Date: 01/09/06 23:47
Re: A clearance and a few train orders
Author: Steamjocky

I never have heard of any green train order paper. I have only seen the yellow onion skin type train order paper that is normally used.

One of the relief operators at Hiland, Royal Beauchamp, would sometimes fill out the train order(s) and clearance in long hand (of which I have a couple of them) instead of using the typewriter. Maybe it was because he's rather do it that way than to mess with the typewriter. I also have a couple of clearances that were filled out by using a typewriter instead of filling it out long hand but the prevalant method was to write it out long hand.

All of the railroad typewriters that I have seen that were used for copying train orders all used upper case letters and were not equipped to use lower case letters.

JE



Date: 01/10/06 10:34
Re: A clearance and a few train orders
Author: BCHellman

xtra1188w Wrote:
-------------------------------------------------------
> Weren't "form 19" orders green flimsies,
> and Form 35 orders yellow flimsies?
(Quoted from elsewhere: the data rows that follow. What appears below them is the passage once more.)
(* Let $G$ be a proper subdomain of $\mathbb{R}^n$, let $c\ge 1$, and let $x,y\in G$. Put $$W(x,y)=\log\Big(1+2c\sinh\frac{j_G(x,y)}{2}\Big),\quad L=\frac12+\frac{\log c}{1+j_G(x,y)},\quad U=\frac{j_G(x,y)+(2c+1)}{2(1+j_G(x,y))}.$$ Then $$L\,j_G(x,y)\le W(x,y)\le U\,j_G(x,y).$$
   Context: For $x\in G$, $d_G(x)=\operatorname{dist}(x,\partial G)$. The distance ratio metric is $j_G(x,y)=\log\Big(1+\frac{|x-y|}{\min\{d_G(x),d_G(y)\}}\Big)$ for $x,y\in G$. *)

theory Defs
  imports "HOL-Analysis.Analysis"
begin

definition dG :: "'a::euclidean_space set \<Rightarrow> 'a \<Rightarrow> real" where
  "dG G x = infdist x (frontier G)"

definition jG :: "'a::euclidean_space set \<Rightarrow> 'a \<Rightarrow> 'a \<Rightarrow> real" where
  "jG G x y = ln (1 + dist x y / min (dG G x) (dG G y))"

end

theory Submission
  imports Defs
begin

text \<open>
  Only \<open>j\<^sub>G(x, y) \<ge> 0\<close> is used: with \<open>t = j\<^sub>G(x, y)\<close> one has \<open>L t = t/2 + t ln c / (1 + t)\<close>
  and \<open>U t = t/2 + c t / (1 + t)\<close>, and both bounds are inequalities about the real function
  \<open>t \<mapsto> ln (1 + 2c sinh (t/2))\<close> on \<open>t \<ge> 0\<close>.
  For the lower bound, concavity of \<open>ln\<close> gives \<open>t ln c / (1 + t) \<le> ln ((1 + c t) / (1 + t))\<close>,
  and \<open>exp (t/2) (1 + c t) / (1 + t) \<le> 1 + 2c sinh (t/2)\<close> follows from \<open>exp t \<ge> 1 + t\<close>.
  For the upper bound, \<open>ln\<close> is estimated by its tangent at \<open>a = 2 sinh (t/2) (1 + t) / t\<close>,
  the point where \<open>c \<mapsto> ln (1 + 2c sinh (t/2))\<close> has the slope \<open>t / (1 + t)\<close> of \<open>c \<mapsto> U t\<close>.
  What remains is free of \<open>c\<close> and reduces to \<open>1 - exp (-t) \<le> t (1 + 2t) / (1 + t)\<^sup>2\<close>,
  which holds because the difference of the two sides is nondecreasing.
\<close>

lemma exp_lower_Taylor_quadratic:
  fixes x :: real
  assumes "0 \<le> x"
  shows "1 + x + x\<^sup>2 / 2 \<le> exp x"
proof -
  obtain \<theta> where "exp x = (\<Sum>m<3. x ^ m / fact m) + exp \<theta> / fact 3 * x ^ 3"
    using Maclaurin_exp_le[of x 3] by blast
  moreover have "0 \<le> exp \<theta> / fact 3 * x ^ 3" using assms by simp
  ultimately show ?thesis by (simp add: eval_nat_numeral)
qed

lemma one_minus_exp_neg_le:
  fixes t :: real
  assumes "0 \<le> t"
  shows "1 - exp (- t) \<le> t * (1 + 2 * t) / (1 + t)\<^sup>2"
proof -
  let ?f = "\<lambda>x::real. x * (1 + 2 * x) / (1 + x)\<^sup>2 + exp (- x)"
  have "?f 0 \<le> ?f t"
  proof (rule DERIV_nonneg_imp_nondecreasing[OF assms])
    fix x :: real
    assume x: "0 \<le> x"
    have "1 + x \<noteq> 0" using x by simp
    then have "(?f has_real_derivative (1 + 3 * x) / (1 + x) ^ 3 - exp (- x)) (at x)"
      by (auto intro!: derivative_eq_intros)
        (simp add: divide_simps, simp add: algebra_simps eval_nat_numeral)
    moreover have "exp (- x) \<le> (1 + 3 * x) / (1 + x) ^ 3"
    proof -
      have "(1 + x + x\<^sup>2 / 2) * (1 + 3 * x) = (1 + x) ^ 3 + x * (1 + x / 2 + x\<^sup>2 / 2)"
        by (simp add: field_simps power2_eq_square power3_eq_cube)
      then have "(1 + x) ^ 3 \<le> (1 + x + x\<^sup>2 / 2) * (1 + 3 * x)"
        using x by simp
      also have "\<dots> \<le> exp x * (1 + 3 * x)"
        using x exp_lower_Taylor_quadratic[OF x] by (intro mult_right_mono) auto
      finally show ?thesis using x by (simp add: exp_minus field_simps)
    qed
    ultimately show "\<exists>y. (?f has_real_derivative y) (at x) \<and> 0 \<le> y" by auto
  qed
  then show ?thesis by simp
qed

lemma mult_ln_le_ln_convex_comb:
  fixes a x :: real
  assumes "0 < x" and "0 \<le> a" and "a \<le> 1"
  shows "a * ln x \<le> ln ((1 - a) + a * x)"
  using concave_onD[OF ln_concave, of a 1 x] assms by simp

lemma ln_le_tangent:
  fixes a y :: real
  assumes "0 < a" and "0 < y"
  shows "ln y \<le> ln a + y / a - 1"
  using ln_le_minus_one[of "y / a"] assms by (simp add: ln_div)

lemma two_sinh_half_eq: "2 * sinh (t / 2) = exp (t / 2) * (1 - exp (- t))" for t :: real
proof -
  have "exp (t / 2) * exp (- t) = exp (- (t / 2))" by (simp flip: exp_add)
  then show ?thesis by (simp add: sinh_field_def right_diff_distrib)
qed

lemma exp_half_mult_le_one_plus_sinh:
  fixes t c :: real
  assumes t: "0 \<le> t" and c: "1 \<le> c"
  shows "exp (t / 2) * ((1 + c * t) / (1 + t)) \<le> 1 + 2 * c * sinh (t / 2)"
proof -
  define u where "u = exp (t / 2)"
  have u: "1 \<le> u" using t by (simp add: u_def)
  have "u * u = exp t" by (simp add: u_def flip: exp_add)
  then have uu: "1 + t \<le> u * u" by simp
  have sinh: "2 * c * sinh (t / 2) = c * (u - 1 / u)"
    by (simp add: u_def sinh_field_def exp_minus field_simps)
  have gap: "0 \<le> u - (1 + t) / u" using uu u by (simp add: field_simps)
  have "(1 + t) - u + (u - (1 + t) / u) \<le> (1 + t) - u + c * (u - (1 + t) / u)"
    using mult_right_mono[OF c gap] by simp
  moreover have "(1 + t) - u + (u - (1 + t) / u) = (1 + t) * (1 - 1 / u)"
    using u by (simp add: field_simps)
  moreover have "0 \<le> (1 + t) * (1 - 1 / u)" using t u by simp
  moreover have "(1 + t) * (1 + c * (u - 1 / u)) - u * (1 + c * t)
      = (1 + t) - u + c * (u - (1 + t) / u)"
    using u by (simp add: field_simps)
  ultimately have "u * (1 + c * t) \<le> (1 + t) * (1 + c * (u - 1 / u))" by linarith
  then have "u * (1 + c * t) / (1 + t) \<le> 1 + c * (u - 1 / u)"
    using t by (simp add: pos_divide_le_eq mult.commute)
  then show ?thesis unfolding sinh u_def[symmetric] by simp
qed

lemma ln_one_plus_sinh_lower:
  fixes t c :: real
  assumes t: "0 \<le> t" and c: "1 \<le> c"
  shows "t / 2 + t * ln c / (1 + t) \<le> ln (1 + 2 * c * sinh (t / 2))"
proof -
  have ratio_pos: "0 < (1 + c * t) / (1 + t)" using t c by (simp add: add_pos_nonneg)
  have "t / (1 + t) * ln c \<le> ln ((1 - t / (1 + t)) + t / (1 + t) * c)"
    using c t by (intro mult_ln_le_ln_convex_comb) auto
  also have "(1 - t / (1 + t)) + t / (1 + t) * c = (1 + c * t) / (1 + t)"
    using t by (simp add: field_simps)
  finally have "t / 2 + t * ln c / (1 + t) \<le> ln (exp (t / 2)) + ln ((1 + c * t) / (1 + t))"
    by simp
  also have "\<dots> = ln (exp (t / 2) * ((1 + c * t) / (1 + t)))"
    using ratio_pos by (subst ln_mult) auto
  also have "\<dots> \<le> ln (1 + 2 * c * sinh (t / 2))"
    by (rule ln_mono[OF exp_half_mult_le_one_plus_sinh[OF t c]
                        mult_pos_pos[OF exp_gt_zero ratio_pos]])
  finally show ?thesis .
qed

lemma ln_sinh_ratio_le:
  fixes t :: real
  assumes t: "0 < t"
  shows "ln (2 * sinh (t / 2) * (1 + t) / t) \<le> t / 2 + t / (1 + t)"
proof -
  define v where "v = 1 - exp (- t)"
  have v: "0 < v * (1 + t) / t" using t by (simp add: v_def)
  have "2 * sinh (t / 2) * (1 + t) / t = exp (t / 2) * (v * (1 + t) / t)"
    by (simp add: two_sinh_half_eq v_def)
  then have split: "ln (2 * sinh (t / 2) * (1 + t) / t) = t / 2 + ln (v * (1 + t) / t)"
    using v by (simp only:) (subst ln_mult, auto)
  have "v * ((1 + t) / t) \<le> t * (1 + 2 * t) / (1 + t)\<^sup>2 * ((1 + t) / t)"
    using one_minus_exp_neg_le[of t] t by (intro mult_right_mono) (auto simp: v_def)
  also have "\<dots> = (1 + 2 * t) / (1 + t)"
    using t by (simp add: power2_eq_square)
  finally have "v * (1 + t) / t \<le> (1 + 2 * t) / (1 + t)" by simp
  moreover have "(1 + 2 * t) / (1 + t) - 1 = t / (1 + t)"
    using t by (simp add: field_simps)
  ultimately show ?thesis using split ln_le_minus_one[OF v] by linarith
qed

lemma ln_one_plus_sinh_upper:
  fixes t c :: real
  assumes t: "0 \<le> t" and c: "0 \<le> c"
  shows "ln (1 + 2 * c * sinh (t / 2)) \<le> t / 2 + c * t / (1 + t)"
proof (cases "t = 0")
  case False
  then have t: "0 < t" using t by simp
  define s where "s = 2 * sinh (t / 2)"
  define a where "a = s * (1 + t) / t"
  have ts: "t \<le> s"
    using real_le_x_sinh[of "t / 2"] t by (simp add: s_def sinh_field_def exp_minus)
  have s: "0 < s" using t ts by simp
  have a: "0 < a" using s t by (simp add: a_def)
  have tangent: "ln (1 + c * s) \<le> ln a + (1 + c * s) / a - 1"
    using a s c by (intro ln_le_tangent) (auto simp: add_pos_nonneg)
  have "s * (1 + t) \<noteq> 0" using s t by simp
  then have slope: "(1 + c * s) / a = t / (s * (1 + t)) + c * t / (1 + t)"
    using s t by (simp add: a_def divide_simps) (simp add: algebra_simps)
  have "t / s \<le> 1" using s ts by simp
  then have small: "t / (s * (1 + t)) \<le> 1 / (1 + t)"
    using t by (simp add: divide_right_mono flip: divide_divide_eq_left)
  have ln_a: "ln a \<le> t / 2 + t / (1 + t)"
    using ln_sinh_ratio_le[OF t] by (simp add: a_def s_def)
  have "t / (1 + t) + 1 / (1 + t) = 1"
    using t by (simp add: add_divide_distrib[symmetric])
  then have "ln (1 + c * s) \<le> t / 2 + c * t / (1 + t)"
    using tangent slope small ln_a by linarith
  moreover have "2 * c * sinh (t / 2) = c * s" by (simp add: s_def)
  ultimately show ?thesis by (simp only:)
qed simp

lemma jG_nonneg: "0 \<le> jG G x y"
  by (simp add: jG_def dG_def infdist_nonneg)

theorem theorem3p10:
  fixes G :: "('a::euclidean_space) set" and c :: real and x y :: 'a
  assumes "open G" and "connected G" and "G \<noteq> {}" and "G \<noteq> UNIV"
    and "c \<ge> 1" and "x \<in> G" and "y \<in> G"
  shows "(1/2 + ln c / (1 + jG G x y)) * jG G x y \<le> ln (1 + 2 * c * sinh (jG G x y / 2))
       \<and> ln (1 + 2 * c * sinh (jG G x y / 2)) \<le> (jG G x y + (2 * c + 1)) / (2 * (1 + jG G x y)) * jG G x y"
proof -
  define j where "j = jG G x y"
  have j: "0 \<le> j" by (simp add: j_def jG_nonneg)
  have "(1/2 + ln c / (1 + j)) * j = j / 2 + j * ln c / (1 + j)"
    using j by (simp add: field_simps)
  moreover have "(j + (2 * c + 1)) / (2 * (1 + j)) * j = j / 2 + c * j / (1 + j)"
    using j by (simp add: field_simps)
  ultimately show ?thesis
    using ln_one_plus_sinh_lower[OF j \<open>c \<ge> 1\<close>] ln_one_plus_sinh_upper[OF j] \<open>c \<ge> 1\<close>
    unfolding j_def[symmetric] by simp
qed

end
I think that
> this was a universal fact, no matter what railroad
> name was at the top.


It was form 33, not 35. The color of the order did not necessarily indicate the form -- though some railroads may have adopted color for form. On the SP it was always yellow. The difference between form 19 and 33 was that the conductor and engineer had to sign for form 33 orders, while form 19 did not require any signature. So for form 33 the crew had to stop the train. The conductor and engineer had to walk to the office. The telegrapher would repeat the dispatcher's order to both conducter and engineer, then each would repeat the order, acknowledge that they understood it, and then sign it.



Date: 01/10/06 10:49
Re: A clearance and a few train orders
Author: Steamjocky

Do you think you might mean a "31" order instead of a "33" order?

JE



Date: 01/10/06 13:46
Re: A clearance and a few train orders
Author: xtra1188w

Yeah, I think that it probably was "form 31" or ? "33"? I dunno, I ain't very good with remembering numbers..
BTW, I have also seen pink flimsies as well as yellow and green. When I find some of each one, I'll scan and post examples of the same.

Con



Date: 01/10/06 18:20
Re: A clearance and a few train orders
Author: CCDeWeese

In 1958 and 1959, when I worked for IC, they used only 19 orders, green flimsey, and if I remember correctly, we X'ed the order (acknowledging the order without repeating it, which made it a holding order for the train addressed. In the 1960's when I worked for the NYC, they used green 19 orders and yellow 31 orders. I only had one 31 order signed, the rest were either annulled, or after the opposing train was in the clear, we marked it a 19 order to in the space for signature at the bottom.

NYC and IC had the name of the railroad on the order. Later, when collecting them, I found that SP did not. I think ATSF had a name on the form.